Over the long term, we want to ensure that all children and young people can access a planned and coherent programme of personal finance education, so that they leave school with the skills and confidence to manage their money well. What does that mean in practice? What will schools and colleges need to have in place? What do the Government and their partners need to do to offer schools the right support and resources?
First, there is already considerable scope for schools to address those issues. The hon. Gentleman referred to some good examples, although he expressed impatience that they are not universal. There is scope not only within personal, social and health education, but also in citizenship—however flawed the hon. Gentleman may think it is—maths, business studies and careers and enterprise education. Within PSHE, pupils develop their financial skills through age-appropriate activities. Younger children are introduced to ideas such as saving and planning, whereas older pupils study more complex concepts, such as influences on saving and how to budget.

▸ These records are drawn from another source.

theorem mainTheorem6:
  fixes n :: nat
  assumes "n > 2"
  shows "\<exists>\<omega> \<in> hom (G2 (n + 1)) (G2D n).
           (\<forall>i j. 1 \<le> i \<and> i < j \<and> j \<le> n \<longrightarrow> \<omega> (G2_a (n + 1) i j) = G2D_a n i j)
         \<and> (\<forall>i. 1 \<le> i \<and> i \<le> n \<longrightarrow> \<omega> (G2_a (n + 1) i (n + 1)) = G2D_tau n i)"
proof -
  interpret \<omega>: relation_preserving_map "G2_gens (Suc n)" "G2_rels (Suc n)" "G2D_gens n" "G2D_rels n"
    "omega_letter n"
    using omega_letter_gens omega_letter_rels by unfold_locales
  have on_gens: "\<omega>.induced_hom (G2_a (Suc n) i j) = pgen (G2D_gens n) (G2D_rels n) (omega_letter n {i, j})"
    if "{i, j} \<in> G2_gens (Suc n)" for i j
    using \<omega>.induced_hom_class[of "[lt {i, j}]"] that by (simp add: G2_a_def pgen_def)
  show ?thesis
  proof (intro bexI conjI allI impI)
    show "\<omega>.induced_hom \<in> hom (G2 (n + 1)) (G2D n)"
      using \<omega>.induced_hom_hom by (simp add: G2_def G2D_def)
  qed (auto simp: on_gens G2_gens_iff G2D_a_def G2D_tau_def)
qed

end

Within citizenship studies, older pupils must study broader financial issues such as how the economy functions. I accept that that is not directly personal finance, but it provides an important context in which to judge personal financial decisions.
The Government are spending £60 million each year until 2011 to help schools embed enterprise across the curriculum, helping young people to develop creativity, innovation and risk-management skills. The focus on enterprise will, I hope, help pupils to develop financial literacy and business understanding. Clearly, they are not the same thing, but there is a good relationship between the two. If young people are developing enterprises in schools, as many are, they are learning about budgetary processes and financial management for those small business that they are developing. They can then, in time, apply some of those principles to their own finances.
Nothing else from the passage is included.